帮助理解x86内联汇编中的DIV指令

Question

While reading through some source code in a GNU project, I came across this bit of inline assembly:

__asm__ (
  "divq %4"
  : "=a" (q), "=d" (r)
  : "0" (n0), "1" (n1), "rm" (d)
);

Here the variables q , r , n0 , n1 , and d are 64-bit integers. I know enough assembly to get the gist of what this does, but there's some details I'm not certain about.

What I understand:

We're dividing the contents of the RAX register by d , placing the quotient in q , and placing the remainder in r .

What I don't understand

1. Why are there three inputs here? We only need to input a dividend and a divisor, so what use could there be for 3 inputs?
2. I can't tell which of the inputs is the dividend.

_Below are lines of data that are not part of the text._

(* Fix a timestep $T$ and consider two spiking neurons $\hat\sigma^T$ and $\tilde\sigma^T$ (same threshold $u_{th}$) with the same temporal input $\tilde h^{T-1}=\hat h^{T-1}$ and spatial input features $\hat x^T,\tilde x^T$. Suppose $\hat u^T=\hat h^{T-1}+\hat x^T$ is a random variable whose distribution is a $u_{th}$-Neighborhood-Finite Distribution, and suppose $|\tilde x^T-\hat x^T|\le\epsilon$. Then the probability that the two neurons produce different outputs, $P[\hat\sigma^T(\hat x^T)\neq\tilde\sigma^T(\tilde x^T)]$, has an upper bound proportional to $\epsilon$ (i.e. it is at most a constant multiple of $\epsilon$, the constant depending only on the distribution of $\hat u^T$).
   Context: A Leaky Integrate-and-Fire (LIF) spiking neuron with firing threshold $u_{th}$, reset potential $V_{reset}$ and decay factor $\beta\in(0,1)$ receives spatial input features $x^1,x^2,\dots$ and evolves by $u^t=h^{t-1}+x^t$, $s^t=\mathrm{Hea}(u^t-u_{th})$, $h^t=V_{reset}s^t+\beta u^t(1-s^t)$, where $\mathrm{Hea}(y)=1$ if $y\ge 0$ and $0$ otherwise; $u^t$ is the membrane potential, $h^{t-1}$ the temporal input, and the output at timestep $t$ is written $\sigma^t(x^t)=s^t$. A probability density $p$ is an $m$-Neighborhood-Finite Distribution if there exists $\epsilon>0$ with $\sup_{x\in[m-\epsilon,m+\epsilon]}p(x)<+\infty$; a random variable follows such a distribution if its density does. *)

theory Defs
  imports "HOL-Probability.Probability"
begin

definition Hea :: "real \<Rightarrow> real" where
  "Hea y = (if y \<ge> 0 then 1 else 0)"

text \<open>Output spike of a LIF neuron at timestep T with threshold u_th, given
  temporal input h (= h^{T-1}) and spatial input x (= x^T):
  u^T = h + x, s^T = Hea(u^T - u_th).\<close>
definition spike_out :: "real \<Rightarrow> real \<Rightarrow> real \<Rightarrow> real" where
  "spike_out uth h x = Hea (h + x - uth)"

definition nfd :: "real \<Rightarrow> (real \<Rightarrow> ennreal) \<Rightarrow> bool" where
  "nfd m p \<longleftrightarrow> (\<exists>e>0. (SUP x\<in>{m - e..m + e}. p x) < \<infinity>)"

end

theory Submission
  imports Defs
begin

text \<open>The two outputs can only differ when the membrane potential \<open>h + xhat\<close> lies within
  \<open>\<epsilon>\<close> of the threshold. If \<open>\<epsilon>\<close> is smaller than the radius \<open>e\<close> of the neighbourhood on which
  the density is bounded by \<open>B\<close>, that event has probability at most \<open>2 B \<epsilon>\<close>; otherwise the
  trivial bound \<open>1 \<le> \<epsilon> / e\<close> suffices. Hence \<open>C = max (2 B) (1 / e)\<close> works.\<close>

lemma Hea_differs_imp_near:
  assumes "Hea (u - a) \<noteq> Hea (v - a)" and "\<bar>v - u\<bar> \<le> r"
  shows "u \<in> {a - r..a + r}"
  using assms unfolding Hea_def by (auto split: if_splits)

lemma spike_out_differs_imp_near:
  assumes "spike_out uth h x \<noteq> spike_out uth h x'" and "\<bar>x' - x\<bar> \<le> r"
  shows "h + x \<in> {uth - r..uth + r}"
  using assms unfolding spike_out_def by (intro Hea_differs_imp_near) auto

lemma nfd_imp_density_bounded:
  assumes "nfd m p"
  obtains e B where "e > 0" "B \<ge> 0" "\<And>x. x \<in> {m - e..m + e} \<Longrightarrow> p x \<le> ennreal B"
proof -
  obtain e where "e > 0" and finite: "(SUP x\<in>{m - e..m + e}. p x) < \<infinity>"
    using assms unfolding nfd_def by blast
  moreover have "p x \<le> ennreal (enn2real (SUP x\<in>{m - e..m + e}. p x))"
    if "x \<in> {m - e..m + e}" for x
    using SUP_upper[OF that, of p] finite by (simp add: ennreal_enn2real less_top)
  ultimately show ?thesis using that enn2real_nonneg by blast
qed

lemma distributed_emeasure_interval_le:
  assumes X: "distributed M lborel X p" and "a \<le> b"
    and bound: "\<And>x. x \<in> {a..b} \<Longrightarrow> p x \<le> ennreal B"
  shows "emeasure M (X -` {a..b} \<inter> space M) \<le> ennreal (B * (b - a))"
proof -
  have "emeasure M (X -` {a..b} \<inter> space M) = (\<integral>\<^sup>+x. p x * indicator {a..b} x \<partial>lborel)"
    using X by (intro distributed_emeasure) auto
  also have "\<dots> \<le> (\<integral>\<^sup>+x. ennreal B * indicator {a..b} x \<partial>lborel)"
    using bound by (intro nn_integral_mono) (simp split: split_indicator)
  also have "\<dots> = ennreal B * ennreal (b - a)"
    using \<open>a \<le> b\<close> by (simp add: nn_integral_cmult_indicator)
  also have "\<dots> = ennreal (B * (b - a))"
    using \<open>a \<le> b\<close> by (simp add: ennreal_mult'')
  finally show ?thesis .
qed

lemma (in prob_space) prob_spike_out_differs_le:
  assumes X: "distributed M lborel (\<lambda>\<omega>. h \<omega> + xhat \<omega>) p"
    and close: "\<forall>\<omega>\<in>space M. \<bar>xtilde \<omega> - xhat \<omega>\<bar> \<le> \<epsilon>" and "\<epsilon> \<ge> 0" and "B \<ge> 0"
    and bound: "\<And>x. x \<in> {uth - \<epsilon>..uth + \<epsilon>} \<Longrightarrow> p x \<le> ennreal B"
  shows "prob {\<omega>\<in>space M. spike_out uth (h \<omega>) (xhat \<omega>) \<noteq> spike_out uth (h \<omega>) (xtilde \<omega>)}
    \<le> 2 * B * \<epsilon>"
    (is "prob ?E \<le> _")
proof -
  let ?A = "(\<lambda>\<omega>. h \<omega> + xhat \<omega>) -` {uth - \<epsilon>..uth + \<epsilon>} \<inter> space M"
  have "?E \<subseteq> ?A"
    using close spike_out_differs_imp_near by blast
  moreover have "?A \<in> events"
    using X by (auto simp: distributed_def)
  ultimately have "emeasure M ?E \<le> emeasure M ?A"
    by (rule emeasure_mono)
  also have "\<dots> \<le> ennreal (B * ((uth + \<epsilon>) - (uth - \<epsilon>)))"
    using \<open>\<epsilon> \<ge> 0\<close> bound by (intro distributed_emeasure_interval_le[OF X]) auto
  finally show ?thesis
    using \<open>\<epsilon> \<ge> 0\<close> \<open>B \<ge> 0\<close> by (simp add: measure_def enn2real_leI algebra_simps)
qed

theorem lemma2:
  fixes M :: "'a measure" and uth :: real and p :: "real \<Rightarrow> ennreal"
  assumes "prob_space M"
    and "nfd uth p"
  shows "\<exists>C\<ge>0. \<forall>(h :: 'a \<Rightarrow> real) xhat xtilde (\<epsilon> :: real).
           h \<in> borel_measurable M \<longrightarrow> xhat \<in> borel_measurable M \<longrightarrow>
           xtilde \<in> borel_measurable M \<longrightarrow>
           distributed M lborel (\<lambda>\<omega>. h \<omega> + xhat \<omega>) p \<longrightarrow>
           (\<forall>\<omega>\<in>space M. \<bar>xtilde \<omega> - xhat \<omega>\<bar> \<le> \<epsilon>) \<longrightarrow>
           measure M {\<omega>\<in>space M. spike_out uth (h \<omega>) (xhat \<omega>) \<noteq> spike_out uth (h \<omega>) (xtilde \<omega>)}
             \<le> C * \<epsilon>"
proof -
  interpret prob_space M by fact
  obtain e B where "e > 0" "B \<ge> 0" and bound: "\<And>x. x \<in> {uth - e..uth + e} \<Longrightarrow> p x \<le> ennreal B"
    using nfd_imp_density_bounded[OF assms(2)] by blast
  define C where "C = max (2 * B) (1 / e)"
  show ?thesis
  proof (intro exI[of _ C] conjI allI impI)
    show "C \<ge> 0" unfolding C_def using \<open>B \<ge> 0\<close> by simp
    fix h xhat xtilde :: "'a \<Rightarrow> real" and \<epsilon> :: real
    assume X: "distributed M lborel (\<lambda>\<omega>. h \<omega> + xhat \<omega>) p"
      and close: "\<forall>\<omega>\<in>space M. \<bar>xtilde \<omega> - xhat \<omega>\<bar> \<le> \<epsilon>"
    have "\<epsilon> \<ge> 0"
      using close not_empty by force
    show "prob {\<omega>\<in>space M. spike_out uth (h \<omega>) (xhat \<omega>) \<noteq> spike_out uth (h \<omega>) (xtilde \<omega>)}
        \<le> C * \<epsilon>"
    proof (cases "\<epsilon> < e")
      case True
      then have "prob {\<omega>\<in>space M. spike_out uth (h \<omega>) (xhat \<omega>) \<noteq> spike_out uth (h \<omega>) (xtilde \<omega>)}
          \<le> 2 * B * \<epsilon>"
        using \<open>\<epsilon> \<ge> 0\<close> \<open>B \<ge> 0\<close> bound by (intro prob_spike_out_differs_le[OF X close]) auto
      also have "\<dots> \<le> C * \<epsilon>"
        unfolding C_def using \<open>\<epsilon> \<ge> 0\<close> by (intro mult_right_mono) auto
      finally show ?thesis .
    next
      case False
      have "1 \<le> (1 / e) * \<epsilon>"
        using False \<open>e > 0\<close> by simp
      also have "\<dots> \<le> C * \<epsilon>"
        unfolding C_def using \<open>\<epsilon> \<ge> 0\<close> by (intro mult_right_mono) auto
      finally show ?thesis
        by (rule order_trans[OF prob_le_1])
    qed
  qed
qed

end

More generally, I don't see anything actually being loaded into the RAX register, so how does it know what to divide by what?

Answer 1

In the input operands specification:

: "0" (n0), "1" (n1), "rm" (d)

registers "0" and "1" are forced to rax and rdx because of the output specification:

: "=a" (q), "=d" (r)

And the div instruction family wants the numerator in RDX:RAX . The divisor can be in a general purpose register (not otherwise used - ie., not RAX or RDX ) or memory, which is specified by the "rm" constraint. Registers RDX , RAX , and the divisor operand make up the 3 inputs.

So this will end up performing the division: n1:n0 / d where n1:n0 is a quantity loaded into rdx:rax .

Answer 2

As you correctly observe the div family works on the fixed registers a and d , rax and rdx for divq . The a register gets its input from n0 which is aliased to the 0th register, namely a . n1 is a dummy input aliased to d , probably just to ensure that this register is not used for other purposes.